3.4. The third round of treatment before starting molnupiravir

The remaining three cats received a final round of GS-441524-based treatment before switching to molnupiravir. Cat no. 2 received oral GS-441524 for 5 weeks prior to initiation of molnupiravir. Cat no. 9 was treated for 6 weeks with oral and injectable GS-441524 and then continued for 6 weeks with oral GS-442524 alone. Dosing and frequency in both cats are unknown, as the survey collected data on only two therapies prior to molnupivir. Cat no. 21 received a combination of GS-441524, GC376 and molnupiravir for 12 weeks. The dosage, frequency and duration of each varied radically over the course of 12 weeks (Supplementary Data S3). All three cats started treatment with molnupiravir without clinical remission from this third round of treatment.
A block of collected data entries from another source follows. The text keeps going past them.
lemma (in dyadic_partition) osc_int_decay:
  fixes CA :: "'a \<Rightarrow> nat \<Rightarrow> real"
  assumes CA0: "\<And>e j. 0 \<le> CA e j" and \<rho>: "0 < \<rho>" "\<rho> \<le> 1"
    and M: "m - \<rho> * real M + DIM('a) < 0"
  obtains C where "0 \<le> C"
    and "\<And>f Z. smooth_fun f \<Longrightarrow>
      (\<And>e j \<Xi>. e \<in> Basis \<Longrightarrow> norm (pdiff_pow e j f \<Xi>) \<le> CA e j * jbr \<Xi> powr (m - \<rho> * real j)) \<Longrightarrow>
      1 \<le> norm Z \<Longrightarrow> norm (osc_int \<phi> f Z) \<le> C * norm Z powr (- real M)"
proof -
  obtain K where K: "\<And>e j v. e \<in> Basis \<Longrightarrow> \<bar>pdiff_pow e j \<psi> v\<bar> \<le> K e j"
    using pdiff_pow_cutoff_bounds by blast
  define Ch where "Ch e = (pi * DIM('a) / 2) ^ M * piece_deriv_const m \<rho> (CA e) (K e) M
    * unit_ball_vol DIM('a) * (2 + real M * pi * DIM('a)) ^ DIM('a) / (1 - 2 powr (m - \<rho> * real M + DIM('a)))"
    for e
  have Ch0: "0 \<le> Ch e" if "e \<in> Basis" for e
  proof -
    have "0 \<le> K e j" for j
      using K[OF that, of j 0] by linarith
    then show ?thesis
      unfolding Ch_def using M piece_deriv_const_nonneg[OF CA0] by (auto intro!: divide_nonneg_pos powr_less_one)
  qed
  show ?thesis
  proof (rule that)
    show "0 \<le> (\<Sum>e\<in>Basis. Ch e)"
      using Ch0 by (simp add: sum_nonneg)
    fix f :: "'a \<Rightarrow> complex" and Z :: 'a
    assume f: "smooth_fun f"
      and CA: "\<And>e j \<Xi>. e \<in> Basis \<Longrightarrow> norm (pdiff_pow e j f \<Xi>) \<le> CA e j * jbr \<Xi> powr (m - \<rho> * real j)"
      and Z: "1 \<le> norm Z"
    then obtain e t where e: "e \<in> Basis" and "inner Z (t *\<^sub>R e) = pi" "\<bar>t\<bar> \<le> pi * DIM('a) / norm Z"
      using exists_basis_half_period[of Z] by force
    then have "norm (osc_int \<phi> f Z) \<le> Ch e * norm Z powr (- real M)"
      unfolding Ch_def using norm_osc_int_le_powr[OF f e K[OF e] CA[OF e] CA0 \<rho> M _ Z] by blast
    also have "\<dots> \<le> (\<Sum>e\<in>Basis. Ch e) * norm Z powr (- real M)"
      using Ch0 e by (intro mult_right_mono member_le_sum) auto
    finally show "norm (osc_int \<phi> f Z) \<le> (\<Sum>e\<in>Basis. Ch e) * norm Z powr (- real M)" .
  qed
qed

text \<open>The hypothesis gives, for each \<open>\<Xi>\<close>, a null set depending on \<open>\<Xi>\<close>; closedness in \<open>\<Xi>\<close>
  reduces the uncountably many exceptional sets to those at a countable dense set.\<close>

lemma AE_forall_closed:
  fixes P :: "'x \<Rightarrow> 'i \<Rightarrow> 'a::{topological_space, second_countable_topology} \<Rightarrow> bool"
  assumes I: "countable I"
    and closed: "\<And>x i. i \<in> I \<Longrightarrow> closed {\<Xi>. P x i \<Xi>}"
    and AE: "\<And>i \<Xi>. i \<in> I \<Longrightarrow> AE x in M. P x i \<Xi>"
  shows "AE x in M. \<forall>i\<in>I. \<forall>\<Xi>. P x i \<Xi>"
proof -
  obtain D :: "'a set" where D: "countable D" "\<And>U. open U \<Longrightarrow> U \<noteq> {} \<Longrightarrow> \<exists>y\<in>D. y \<in> U"
    using countable_dense_exists by blast
  have "AE x in M. \<forall>i\<in>I. \<forall>\<Xi>\<in>D. P x i \<Xi>"
    using AE by (simp add: AE_ball_countable I D(1))
  then show ?thesis
  proof (rule eventually_mono, intro ballI allI)
    fix x i \<Xi>
    assume dense: "\<forall>i\<in>I. \<forall>\<Xi>\<in>D. P x i \<Xi>" and i: "i \<in> I"
    show "P x i \<Xi>"
    proof (rule ccontr)
      assume "\<not> P x i \<Xi>"
      then obtain y where "y \<in> D" "\<not> P x i y"
        using D(2)[of "- {\<Xi>. P x i \<Xi>}"] closed[OF i, of x] by (auto simp: open_Compl)
      then show False using dense i by blast
    qed
  qed
qed

lemma AE_pdiff_pow_bounds:
  fixes a :: "'x \<Rightarrow> 'a::euclidean_space \<Rightarrow> complex"
  assumes smooth: "\<And>x. smooth_fun (a x)"
    and bound: "\<And>es \<Xi>. set es \<subseteq> Basis \<Longrightarrow>
      AE x in M. norm (iter_pdiff es (a x) \<Xi>) \<le> C es * jbr \<Xi> powr (m - \<rho> * real (length es))"
  shows "AE x in M. \<forall>e\<in>Basis. \<forall>j \<Xi>.
    norm (pdiff_pow e j (a x) \<Xi>) \<le> C (replicate j e) * jbr \<Xi> powr (m - \<rho> * real j)"
proof -
  have "AE x in M. \<forall>i\<in>UNIV \<times> Basis. \<forall>\<Xi>. norm (pdiff_pow (snd i) (fst i) (a x) \<Xi>)
      \<le> C (replicate (fst i) (snd i)) * jbr \<Xi> powr (m - \<rho> * real (fst i))"
  proof (rule AE_forall_closed)
    show "countable ((UNIV :: nat set) \<times> (Basis :: 'a set))"
      by (rule countable_SIGMA[OF countableI_type]) (simp add: countable_finite)
    show "closed {\<Xi>. norm (pdiff_pow (snd i) (fst i) (a x) \<Xi>)
        \<le> C (replicate (fst i) (snd i)) * jbr \<Xi> powr (m - \<rho> * real (fst i))}"
      if "i \<in> UNIV \<times> Basis" for x i
    proof -
      have "jbr \<Xi> \<noteq> 0" for \<Xi> :: 'a
        using jbr_ge_1[of \<Xi>] by linarith
      then show ?thesis
        using that by (auto intro!: closed_Collect_le continuous_intros continuous_on_jbr
            smooth_fun_pdiff_pow_continuous[OF smooth])
    qed
    show "AE x in M. norm (pdiff_pow (snd i) (fst i) (a x) \<Xi>)
        \<le> C (replicate (fst i) (snd i)) * jbr \<Xi> powr (m - \<rho> * real (fst i))"
      if "i \<in> UNIV \<times> Basis" for i \<Xi>
    proof -
      have "set (replicate (fst i) (snd i)) \<subseteq> Basis"
        using that by (auto simp: set_replicate_conv_if)
      then show ?thesis
        using bound[of "replicate (fst i) (snd i)" \<Xi>] by simp
    qed
  qed
  then show ?thesis
    by (rule eventually_mono) auto
qed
3.5. Molnupiravir as rescue therapy

Of the 26 cats receiving unlicensed molnupiravir as rescue therapy, most were using the Aura brand, with only 2 cats using a different brand of molnupiravir. More than 81 % cats (18) were treated with Aura 2801, 1 cat was treated with Aura 1931, and another 2 cats were treated with both Aura preparations. The mean initial dosage was 12.8 mg/kg twice daily. One cat was dosed only once a day and two cats were dosed 2 to 3 times a day. The most commonly used initial dosage was 12 mg/kg twice daily. Dosage ranged from 6 to 28 mg/kg twice daily. 11 dosage changes were reported, all but one being an increase in dosage. Reduction of dosage in cat no. 3 was not explained in any way. The mean final dosage was 14.7 mg/kg twice daily, with the same three cats differing in dosing frequency. The most common final dosage was also 12 mg/kg twice daily. The dosage range was 7 to 30 mg/kg twice daily.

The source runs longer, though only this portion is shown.